In-Reply-To: <Pine.LNX.4.64.0903311154570.19028@blonde.anvils>
References: <28c262360903310338k20b8eebbncb86baac9b09e54@mail.gmail.com> <Pine.LNX.4.64.0903311154570.19028@blonde.anvils>
Message-Id: <20090401165516.B1EB.A69D9226@jp.fujitsu.com>
MIME-Version: 1.0
Content-Type: text/plain; charset="US-ASCII"
Content-Transfer-Encoding: 7bit
Date: Wed,  1 Apr 2009 17:38:19 +0900 (JST)
Sender: owner-linux-mm@kvack.org
To: Hugh Dickins <hugh@veritas.com>
Cc: kosaki.motohiro@jp.fujitsu.com, Minchan Kim <minchan.kim@gmail.com>, linux-mm <linux-mm@kvack.org>, lkml <linux-kernel@vger.kernel.org>, Andrew Morton <akpm@linux-foundation.org>, Christoph Lameter <cl@linux-foundation.org>, Nick Piggin <npiggin@suse.de>
List-ID: <linux-mm.kvack.org>

(cc to related person)

> The questionable one is add_to_swap (when vmscanning), which calls
> it with __GFP_HIGH|__GFP_NOMEMALLOC|__GFP_NOWARN, i.e. GFP_ATOMIC
> plus __GFP_NOMEMALLOC|__GFP_NOWARN.  That one I have wondered
> about from time to time: GFP_NOIO would be the obvious choice,
> that's what swap_writepage will use to allocate bio soon after.
> 
> I've been tempted to change it, but afraid to touch that house
> of cards, and afraid of long testing and justification required.
> Would it be safe to drop that __GFP_HIGH?  What's the effect of the
> __GFP_NOMEMALLOC (we've layer on layer of tweak this one way because
> we're in the reclaim path so let it eat more, then tweak it the other
> way because we don't want it to eat up _too_ much).  I just let it stay.

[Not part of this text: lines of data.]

lemma energy_derivative_bound:
  fixes v \<beta> :: "nat \<Rightarrow> real"
  assumes rec: "v n = (\<Sum>s<n. \<beta> s * v s)" and M: "(\<Sum>s<n. \<bar>\<beta> s\<bar>) \<le> M"
  shows "\<bar>\<Sum>k<n. 2 * v k * v (Suc k)\<bar> \<le> real n * (2 + 2 * M) * (\<Sum>k<n. (v k)\<^sup>2)"
proof -
  define E where "E = (\<Sum>k<n. (v k)\<^sup>2)"
  have "0 \<le> M"
    using M by (meson order.trans sum_nonneg abs_ge_zero)
  have "0 \<le> E"
    unfolding E_def by (simp add: sum_nonneg)
  have grow: "2 * E \<le> (2 + 2 * M) * E" "M * (2 * E) \<le> (2 + 2 * M) * E"
    using \<open>0 \<le> M\<close> \<open>0 \<le> E\<close> by (simp_all add: algebra_simps)
  have sq_le: "(v k)\<^sup>2 \<le> E" if "k < n" for k
    unfolding E_def using that by (intro member_le_sum) auto
  have pair: "\<bar>2 * v k * v j\<bar> \<le> 2 * E" if "k < n" "j < n" for k j
  proof -
    have "\<bar>2 * v k * v j\<bar> = 2 * \<bar>v k\<bar> * \<bar>v j\<bar>"
      by (simp add: abs_mult)
    also have "\<dots> \<le> (v k)\<^sup>2 + (v j)\<^sup>2"
      using sum_squares_bound[of "\<bar>v k\<bar>" "\<bar>v j\<bar>"] by simp
    finally show ?thesis
      using sq_le[OF that(1)] sq_le[OF that(2)] by linarith
  qed
  have summand: "\<bar>2 * v k * v (Suc k)\<bar> \<le> (2 + 2 * M) * E" if k: "k < n" for k
  proof (cases "Suc k < n")
    case True
    then show ?thesis
      using pair[OF k True] grow(1) by linarith
  next
    case False
    then have "Suc k = n"
      using k by simp
    then have "\<bar>2 * v k * v (Suc k)\<bar> = \<bar>\<Sum>s<n. \<beta> s * (2 * v k * v s)\<bar>"
      by (simp add: rec sum_distrib_left mult_ac)
    also have "\<dots> \<le> (\<Sum>s<n. \<bar>\<beta> s\<bar> * (2 * E))"
      using pair[OF k] by (auto intro!: order.trans[OF sum_abs] sum_mono simp: abs_mult mult_left_mono)
    also have "\<dots> \<le> M * (2 * E)"
      using M \<open>0 \<le> E\<close> by (simp add: sum_distrib_right[symmetric] mult_right_mono)
    finally show ?thesis
      using grow(2) by linarith
  qed
  have "\<bar>\<Sum>k<n. 2 * v k * v (Suc k)\<bar> \<le> (\<Sum>k<n. \<bar>2 * v k * v (Suc k)\<bar>)"
    by (rule sum_abs)
  also have "\<dots> \<le> (\<Sum>k<n. (2 + 2 * M) * E)"
    using summand by (intro sum_mono) auto
  finally show ?thesis
    by (simp add: E_def)
qed

lemma gronwall_forward_nonpos:
  fixes E E' :: "real \<Rightarrow> real"
  assumes "t\<^sub>0 \<le> t\<^sub>1" and "\<And>u. t\<^sub>0 \<le> u \<Longrightarrow> u \<le> t\<^sub>1 \<Longrightarrow> (E has_real_derivative E' u) (at u)"
    and "\<And>u. t\<^sub>0 \<le> u \<Longrightarrow> u \<le> t\<^sub>1 \<Longrightarrow> E' u \<le> C * E u" and "E t\<^sub>0 = 0"
  shows "E t\<^sub>1 \<le> 0"
proof -
  define f where "f u = E u * exp (- C * (u - t\<^sub>0))" for u
  have "f t\<^sub>1 \<le> f t\<^sub>0"
  proof (rule DERIV_nonpos_imp_nonincreasing[OF assms(1)])
    fix u assume u: "t\<^sub>0 \<le> u" "u \<le> t\<^sub>1"
    have "(f has_real_derivative (E' u - C * E u) * exp (- C * (u - t\<^sub>0))) (at u)"
      unfolding f_def[abs_def] using assms(2)[OF u]
      by (auto intro!: derivative_eq_intros simp: algebra_simps)
    moreover have "(E' u - C * E u) * exp (- C * (u - t\<^sub>0)) \<le> 0"
      using assms(3)[OF u] by (simp add: mult_nonpos_nonneg)
    ultimately show "\<exists>y. (f has_real_derivative y) (at u) \<and> y \<le> 0"
      by blast
  qed
  then show ?thesis
    using assms(4) by (simp add: f_def mult_le_0_iff)
qed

firstly, following some patch indicate add_to_swap() parameter history.

ac47b003d03c2a4f28aef1d505b66d24ad191c4f(Hugh, Jan 6 2009) reverted 
1480a540c98525640174a7eadd712378fcd6fd63(Cristoph, Jan 8 2006).

bd53b714d32a29bdf33009f812e295667e92b930(Nick, May 1 2005) added
__GFP_NOMEMALLOC. __GFP_NOMEMALLOC mean "please don't eat emergency memory".

c4b3efde0744e038d16b33d18110d39e762ef80c(akpm, Jan 6 2003) explained
why no using emergency memory is better.
it said 

    In the case of adding pages to swapcache we're still using GFP_ATOMIC, so
    these addition attempts can still fail.  That's OK, because the error is
    handled and, unlike file pages, it will not cause user applicaton failures.


IOW, GFP_ATOMIC on add_to_swap() was introduced accidentally. the reason 
was old add_to_page_cache() didn't have gfp_mask parameter and we didn't
 have the reason of changing add_to_swap() behavior.
I think it don't have deeply reason and changing GFP_NOIO don't cause regression.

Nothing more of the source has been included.